To adopt the interpretation urged by the State would render a defendant’s right to make his motion for probation before a jury “futile and meaningless” since the judge could circumvent the jury verdict.
In Castro v. State, 118 Tex.Cr.App. 53, 42 S.W.2d 779, it was held that the action of the court in disregarding the recommendation of the jury that the sentence be suspended was void. There the Court said the action of the trial court violated the “ . . . fundamental principle that the judge presiding over a trial has no right and no power to change a verdict rendered by the jury unless with their consent and before their discharge.”
To uphold a court’s action in requiring payment of the fine where the jury has recommended probation would allow the court to exact a portion or all of the punishment, as the case may be, in order for a defendant to obtain the benefit of the jury’s recommendation. See Faugh v. State, supra.
*776In the recent case of Flores v. State, Tex.Cr.App., 513 S.W.2d 66, this Court said :
“While it is considered good-practice to enumerate in the court’s charge the probationary conditions which the court may impose if probation is recommended by the jury, the failure to so enumerate the said conditions is not harmful to the accused or restrictive of the court’s authority under the statute.”

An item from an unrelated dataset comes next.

(* Let $p$ be a prime, $n\in\mathbb N$, and $G=C_{p^n}$. Consider the monotone map $(\mathfrak R,\nabla):\mathrm{wIndSys}^{uni}_{G}\to\mathrm{Transf}_G\times\mathrm{Fam}_G$ (whose target is isomorphic to $K_{n+2}\times[n+2]$). For a transfer system $R$ and family $\mathcal F$, the fiber satisfies $\mathfrak R^{-1}(R)\cap\nabla^{-1}(\mathcal F)=\emptyset$ if $\mathrm{Domain}(R)\not\subseteq\mathcal F$; it is a single point if $\mathrm{Codomain}(R)\subseteq\mathcal F$; and it is isomorphic to the poset $\mathrm{Sieve}_R(\mathrm{Codomain}(R)-\mathcal F)$ otherwise. Moreover, the map from $\mathrm{wIndSys}^{uni}_G$ onto its image is a cocartesian fibration of posets, with cocartesian transport along $R\le R'$ (fixed $\mathcal F$) given by the map $\mathrm{Sieve}_R(\mathrm{Codomain}(R)-\mathcal F)\to\mathrm{Sieve}_{R'}(\mathrm{Codomain}(R')-\mathcal F)$ sending $\mathfrak S\mapsto R^{\simeq}\cup\{(J\subseteq H)\mid J\subseteq K\subsetneq H,\ (J\subseteq K)\in R',\ (K\subsetneq H)\in\mathfrak S\}$, and cocartesian transport along $\mathcal F\le\mathcal F'$ (fixed $R$) given by the restriction map $\mathrm{Sieve}_R(\mathrm{Codomain}(R)-\mathcal F)\to\mathrm{Sieve}_R(\mathrm{Codomain}(R)-\mathcal F')$.
   Context: Let $G=C_{p^n}$ with subgroups $e=C_1\subset C_p\subset\cdots\subset C_{p^n}$ and $\mathcal O_G$ its orbit category; finite $G$-sets are $\mathbb F_G$, and for $H\le G$, $\mathbb F_H$ denotes finite $H$-sets, $*_H$ the one-point $H$-set, $\emptyset_H$ the empty one. A (unital) $G$-weak indexing system is an assignment $H\mapsto \mathcal C_H\subseteq\mathbb F_H$ of isomorphism-closed classes, stable under restriction to subgroups, such that $*_H\in\mathcal C_H$ for all $H$, $\mathcal C$ is closed under self-indexed coproducts ($S\in\mathcal C_H$ and $T_x\in\mathcal C_{K}$ for each orbit $[H/K]\subseteq S$ imply $\coprod \mathrm{Ind}_K^HT_x\in\mathcal C_H$), and $S\sqcup S'\in\mathcal C_H$ implies $S,S'\in\mathcal C_H$. $\mathrm{wIndSys}^{uni}_G$ is the poset of these under inclusion. A $G$-family is a set of subgroups closed under passage to subgroups; $\mathrm{Fam}_G$ is their poset ($\cong[n+2]$, a total order with $n+2$ elements). A $G$-transfer system is a partial order $R$ on subgroups refining inclusion (pairs $K\subseteq H$), reflexive, transitive, and closed under restriction: $(K\subseteq H)\in R$ and $L\le H$ imply $(K\cap L\subseteq L)\in R$; $\mathrm{Transf}_G$ is their poset under inclusion ($\cong$ the associahedron $K_{n+2}$), and $R^{\simeq}$ denotes the identity pairs $H\subseteq H$. $\mathfrak R(\mathcal C)=\{K\subseteq H\mid [H/K]\in\mathcal C_H\}$ and $\nabla(\mathcal C)=\{H\mid 2\cdot *_H\in\mathcal C_H\}$. $\mathrm{Domain}(R)=\{L\mid L\le K\text{ for some }(K\subsetneq H)\in R\}$ and $\mathrm{Codomain}(R)=\{L\mid L\le H\text{ for some }(K\subsetneq H)\in R\}$. For a set $\mathcal C$ of subgroups, $\mathrm{Sieve}_R(\mathcal C)$ is the poset (under inclusion) of sets $\mathfrak S\subseteq R$ of pairs such that: (b) if $(K\subseteq H)\in\mathfrak S$ and $L\le H$ with $L\in\mathcal C$ then $(L\cap K\subseteq L)\in\mathfrak S$; (c) if $(K\subseteq H)\in\mathfrak S$ then $H\in\mathcal C$; (d) if $(J\subseteq K)\in R$ and $(K\subsetneq H)\in\mathfrak S$ then $(J\subseteq H)\in\mathfrak S$. A monotone map $\pi:P\to Q$ is a cocartesian fibration if for all $q\le q'$ and $x\in\pi^{-1}(q)$ there is $t_q^{q'}x\in\pi^{-1}(q')$ with: for all $y$ with $q'\le\pi(y)$, $x\le y\iff t_q^{q'}x\le y$; the map $t_q^{q'}$ is called cocartesian transport. *)

theory Defs
  imports Main "HOL-Library.Multiset" "HOL-Computational_Algebra.Primes"
begin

It follows that the mere reciting of the probationary conditions in the court’s charge cannot serve to enlarge upon the court’s authority under the statute where the jury recommends probation.
For the reasons stated, the motion for rehearing is overruled.
Opinion approved by the Court.
DOUGLAS, J., concurs in result reached in both opinions.. Article 42.12, Sec. 6, V.A.C.O.P., sets forth the following conditions of probation:
“a. Commit no offense against the laws of this State or of any other State or of the United States;
“b. Avoid injurious or vicious habits;
“c. Avoid persons or places of disreputable or harmful character;
“d. Report to the probation officer as directed ;
“e. Permit the probation officer to visit him at his home or elsewhere;
“f. Work faithfully at suitable employment as far as possible;
“g. Remain within a specified place;
“h. Pay his fine, if one be assessed, and all court costs whether a fine be assessed or not, in one or several sums, and make restitution or reparation in any sum that the court shall determine; and
“i. Support his dependents.”
. In a Special Commentary by Presiding Judge Onion following Art. 42.12, V.A.C.C.P., it is stated, “Like old Article 781d, there is no requirement for a written motion for probation when the trial is before the judge alone, though it is generally the better practice to require one.”